Amazon declined to comment. Boost parent Sprint did not respond to a request for comment. (Amazon CEO Jeff Bezos owns The Washington Post.)
If Amazon pursues an acquisition of Boost, it would likely price its phone plans disruptively low and bundle them in some way to drive more Prime memberships, the person familiar with Amazon’s thinking said. The company could offer mobile phones on which its Alexa service features prominently. That might mean taking another stab at making its own phones, or cutting deals with manufacturers to put Alexa front-and-center on their devices.
But Amazon could also use the carrier services to launch a new breed of Alexa-enabled devices, said Werner Goertz, an analyst with research firm Gartner. With wireless connectivity built in, the devices wouldn’t need to connect to WiFi networks or need to be tethered via Bluetooth to mobile phones to tap into the internet-based servers that deliver Alexa’s services.
That could lead to headphones with Alexa baked in, for example, that could respond to voice queries without having to launch a mobile app. Its Echo Auto, a gadget that brings voice services to a car and is currently only available via invitation, wouldn’t need a phone to connect to the Internet.
Given the mature and fiercely competitive mobile phone market, “Amazon would do best to define a new category,” Goertz said.
Still, regulators could throw cold water on the idea of Amazon acquiring Boost. A recent agreement between U.S. antitrust regulators means Amazon could face heightened scrutiny of any merger. And the Sprint-T-Mobile deal also might fall apart after Justice Department staff members recommended the U.S. government sue to block the deal, fearing the combination of the country’s third- and fourth-largest wireless carriers could threaten competition.
Amazon has had early success with adoption of its low-cost, first-to-market Echo speakers.

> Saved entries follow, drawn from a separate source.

lemma sub_poisson_bilinear_sum_sq_tail:
  fixes X :: "'k \<Rightarrow> 'j \<Rightarrow> 'a \<Rightarrow> real" and b :: "'i \<Rightarrow> 'j \<Rightarrow> real"
  assumes "finite I" "I \<noteq> {}" "finite K" "finite J"
    and "indep_vars (\<lambda>_. borel) (\<lambda>(k, j). X k j) (K \<times> J)"
    and "\<And>k j. k \<in> K \<Longrightarrow> j \<in> J \<Longrightarrow> sub_poisson M (X k j) s2"
    and "\<And>k j. k \<in> K \<Longrightarrow> j \<in> J \<Longrightarrow> expectation (X k j) = 0"
    and "\<And>i j. i \<in> I \<Longrightarrow> j \<in> J \<Longrightarrow> \<bar>b i j\<bar> \<le> 1"
    and "0 \<le> \<theta>" "0 \<le> \<eta>" "2 \<le> c" "\<theta> * r \<le> c"
  shows "measure M {\<omega> \<in> space M. real (card I) * N \<le> (\<Sum>i\<in>I. \<Sum>k\<in>K. (\<Sum>j\<in>J. b i j * X k j \<omega>)\<^sup>2)}
    \<le> card I * (exp (real (card K * card J) * s2 * (exp \<theta> - 1 - \<theta>) - \<theta>\<^sup>2 * N / (2 * c))
      + card K * (2 * exp (real (card J) * s2 * (exp \<eta> - 1 - \<eta>) - \<eta> * r)))"
proof -
  define Row where "Row i = {\<omega> \<in> space M. N \<le> (\<Sum>k\<in>K. (\<Sum>j\<in>J. b i j * X k j \<omega>)\<^sup>2)}" for i
  have Row_sets: "Row i \<in> sets M" for i
  proof -
    have "(\<lambda>\<omega>. \<Sum>k\<in>K. (\<Sum>j\<in>J. b i j * X k j \<omega>)\<^sup>2) \<in> borel_measurable M"
      using assms(6)
      by (intro borel_measurable_sum borel_measurable_power borel_measurable_times borel_measurable_const)
        (auto simp: sub_poisson_def)
    then show ?thesis
      unfolding Row_def by measurable
  qed
  have "{\<omega> \<in> space M. real (card I) * N \<le> (\<Sum>i\<in>I. \<Sum>k\<in>K. (\<Sum>j\<in>J. b i j * X k j \<omega>)\<^sup>2)} \<subseteq> (\<Union>i\<in>I. Row i)"
  proof safe
    fix \<omega>
    assume "\<omega> \<in> space M" and large: "real (card I) * N \<le> (\<Sum>i\<in>I. \<Sum>k\<in>K. (\<Sum>j\<in>J. b i j * X k j \<omega>)\<^sup>2)"
    show "\<omega> \<in> (\<Union>i\<in>I. Row i)"
    proof (rule ccontr)
      assume "\<omega> \<notin> (\<Union>i\<in>I. Row i)"
      then have "(\<Sum>i\<in>I. \<Sum>k\<in>K. (\<Sum>j\<in>J. b i j * X k j \<omega>)\<^sup>2) < real (card I) * N"
        using \<open>\<omega> \<in> space M\<close> assms(1,2)
        by (intro sum_bounded_above_strict) (auto simp: Row_def card_gt_0_iff)
      with large show False
        by simp
    qed
  qed
  then have "measure M {\<omega> \<in> space M. real (card I) * N \<le> (\<Sum>i\<in>I. \<Sum>k\<in>K. (\<Sum>j\<in>J. b i j * X k j \<omega>)\<^sup>2)}
      \<le> measure M (\<Union>i\<in>I. Row i)"
    using Row_sets assms(1) by (intro finite_measure_mono) auto
  also have "\<dots> \<le> (\<Sum>i\<in>I. measure M (Row i))"
    using Row_sets assms(1) by (intro finite_measure_subadditive_finite) auto
  also have "\<dots> \<le> (\<Sum>i\<in>I. exp (real (card K * card J) * s2 * (exp \<theta> - 1 - \<theta>) - \<theta>\<^sup>2 * N / (2 * c))
      + card K * (2 * exp (real (card J) * s2 * (exp \<eta> - 1 - \<eta>) - \<eta> * r)))"
    unfolding Row_def using assms(3-12)
    by (intro sum_mono sub_poisson_row_sum_sq_tail) auto
  finally show ?thesis
    by simp
qed

lemma sub_poisson_bilinear_frobenius_tail:
  fixes X :: "nat \<Rightarrow> nat \<Rightarrow> 'a \<Rightarrow> real" and b :: "nat \<Rightarrow> nat \<Rightarrow> real"
  assumes "1 \<le> n" "indep_vars (\<lambda>_. borel) (\<lambda>(k, j). X k j) ({..<n} \<times> {..<m})"
    and "\<And>k j. k < n \<Longrightarrow> j < m \<Longrightarrow> sub_poisson M (X k j) s2"
    and "\<And>k j. k < n \<Longrightarrow> j < m \<Longrightarrow> expectation (X k j) = 0"
    and "\<And>i j. i < n \<Longrightarrow> j < m \<Longrightarrow> \<bar>b i j\<bar> \<le> 1"
    and "1 \<le> t"
  shows "measure M {\<omega> \<in> space M. 34 * (1 + t) * n * max (sqrt (m * s2)) (2/3)
      \<le> frob_ABt n m b (\<lambda>k j. X k j \<omega>)} \<le> n / (exp 1 * n) powr t"
proof -
  define \<kappa> where "\<kappa> = max (sqrt (m * s2)) (2/3)"
  define c where "c = 34 * (1 + t)"
  have "0 \<le> m * s2"
    using assms(3)[of 0 0] assms(1) by (cases m) (auto simp: sub_poisson_def)
  moreover have "m * s2 \<le> \<kappa>\<^sup>2"
    by (rule sqrt_le_D) (simp add: \<kappa>_def)
  moreover have "2/3 \<le> \<kappa>"
    by (simp add: \<kappa>_def)
  ultimately obtain \<theta> \<eta> r N :: real where "0 \<le> \<theta>" "0 \<le> \<eta>" "\<theta> * r = c" and sq: "(c * n * \<kappa>)\<^sup>2 = n * N"
    and bound: "exp (n * (m * s2) * (exp \<theta> - 1 - \<theta>) - \<theta>\<^sup>2 * N / (2 * c))
      + n * (2 * exp (m * s2 * (exp \<eta> - 1 - \<eta>) - \<eta> * r)) \<le> 1 / (exp 1 * n) powr t"
    unfolding c_def by (rule frobenius_tail_parameters[OF assms(1,6)])
  have "c * n * \<kappa> \<le> sqrt Q \<longleftrightarrow> n * N \<le> Q" for Q
    using sq \<open>2/3 \<le> \<kappa>\<close> assms(6) real_le_rsqrt[of "c * n * \<kappa>" Q] sqrt_ge_absD[of "c * n * \<kappa>" Q]
    by (auto simp: c_def)
  then have "measure M {\<omega> \<in> space M. c * n * \<kappa> \<le> frob_ABt n m b (\<lambda>k j. X k j \<omega>)}
      = measure M {\<omega> \<in> space M. real (card {..<n}) * N \<le> (\<Sum>i<n. \<Sum>k<n. (\<Sum>j<m. b i j * X k j \<omega>)\<^sup>2)}"
    by (simp add: frob_ABt_def)
  also have "\<dots> \<le> card {..<n} * (exp (real (card {..<n} * card {..<m}) * s2 * (exp \<theta> - 1 - \<theta>) - \<theta>\<^sup>2 * N / (2 * c))
      + card {..<n} * (2 * exp (real (card {..<m}) * s2 * (exp \<eta> - 1 - \<eta>) - \<eta> * r)))"
    using assms \<open>0 \<le> \<theta>\<close> \<open>0 \<le> \<eta>\<close> \<open>\<theta> * r = c\<close>
    by (intro sub_poisson_bilinear_sum_sq_tail) (auto simp: c_def lessThan_empty_iff)
  also have "\<dots> \<le> n / (exp 1 * n) powr t"
    using mult_left_mono[OF bound, of n] by (simp add: mult.assoc)
  finally show ?thesis
    unfolding c_def[symmetric] \<kappa>_def[symmetric] .
qed

end

theorem lemmaC1:
  fixes M :: "'a measure" and X :: "nat \<Rightarrow> nat \<Rightarrow> 'a \<Rightarrow> real"
    and A :: "nat \<Rightarrow> nat \<Rightarrow> real" and n m :: nat and \<sigma> t :: real
  assumes "prob_space M"
    and "n \<ge> 1" and "m \<ge> 1" and "\<sigma> > 0"
    and "prob_space.indep_vars M (\<lambda>_. borel) (\<lambda>(i, j). X i j) ({..<n} \<times> {..<m})"
    and "\<And>i j. i < n \<Longrightarrow> j < m \<Longrightarrow> sub_poisson M (X i j) (\<sigma>\<^sup>2)"
    and "\<And>i j. i < n \<Longrightarrow> j < m \<Longrightarrow> prob_space.expectation M (X i j) = 0"
    and "\<And>i j. i < n \<Longrightarrow> j < m \<Longrightarrow> \<bar>A i j\<bar> \<le> \<sigma>\<^sup>2"
    and "t \<ge> 1"
  shows "measure M {\<omega> \<in> space M.
           frob_ABt n m A (\<lambda>k j. X k j \<omega>)
             \<ge> 34 * (1 + t) * real n * \<sigma>\<^sup>2 * max (sqrt (real m * \<sigma>\<^sup>2)) (2/3)}
         \<le> real n / (exp 1 * real n) powr t"
proof -
  interpret prob_space M
    by (rule assms(1))
  define b where "b i j = A i j / \<sigma>\<^sup>2" for i j
  have "\<bar>b i j\<bar> \<le> 1" if "i < n" "j < m" for i j
    using assms(8)[OF that] assms(4) by (simp add: b_def abs_div)
  note tail = sub_poisson_bilinear_frobenius_tail[OF assms(2,5,6,7) this assms(9)]
  have scale: "frob_ABt n m A Y = \<sigma>\<^sup>2 * frob_ABt n m b Y" for Y
    using assms(4) frob_ABt_scale_left[of n m "\<sigma>\<^sup>2" b Y] by (simp add: b_def)
  have "34 * (1 + t) * n * \<sigma>\<^sup>2 * K \<le> frob_ABt n m A Y \<longleftrightarrow> 34 * (1 + t) * n * K \<le> frob_ABt n m b Y"
    for Y K
  proof -
    have "34 * (1 + t) * n * \<sigma>\<^sup>2 * K = \<sigma>\<^sup>2 * (34 * (1 + t) * n * K)"
      by (simp add: ac_simps)
    then show ?thesis
      using assms(4) by (simp add: scale mult.assoc)
  qed
  with tail show ?thesis
    by simp
qed

end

That gives the company an opportunity to be at the center of one of the next big advances in computing, in which people use their voices rather than a keyboard and mouse to control devices. Success there would provide a powerful and likely lucrative platform on which other companies would have to offer their services.
Amazon has said more than 100 million devices with Alexa, including products made by other companies that use the technology, have been sold. The company will hold a 63.2 percent share of the U.S. smart-speaker market this year, according to estimates from research firm eMarketer.
But lack of a successful mobile phone business has largely relegated Alexa use to customers’ homes.
“Alexa is doing great in my connected home,” Goertz said. “But the minute I step outside of my connected home, Alexa abandons me.”
Moreover, the number of Alexa-enabled devices is paltry relative to the number of mobile phones running software from Google and Apple, including their digital-assistant technology. There are more than 3.2 billion phones worldwide running Google’s Android operating system, according to the research firm International Data Corp. In January, Apple said 900 million iPhones were in use globally. And those two companies also have their own voice-activated speakers to compete with Amazon’s Echo business.
That gives Amazon’s two Silicon Valley rivals significantly more data from voice commands to train their own artificial intelligence assistants.
Despite potential business reasons for acquiring Boost, Amazon entering the wireless market seems far fetched, said MoffettNathanson analyst Craig Moffett. Prepaid mobile carriers such as Boost generally appeal to low-income customers, something that’s “completely off message for Amazon.” And whatever price Amazon pays for Boost, even if it’s to obtain wireless coverage for Alexa-enabled devices, could offset the financial benefit of getting wholesale pricing to use the combined Sprint and T-Mobile network.
Moreover, selling Boost to Amazon, a company with vast financial resources and insatiable ambition, would create a dangerous competitor for the new T-Mobile.
“Why in God’s name would you want to do that?” Nathanson said.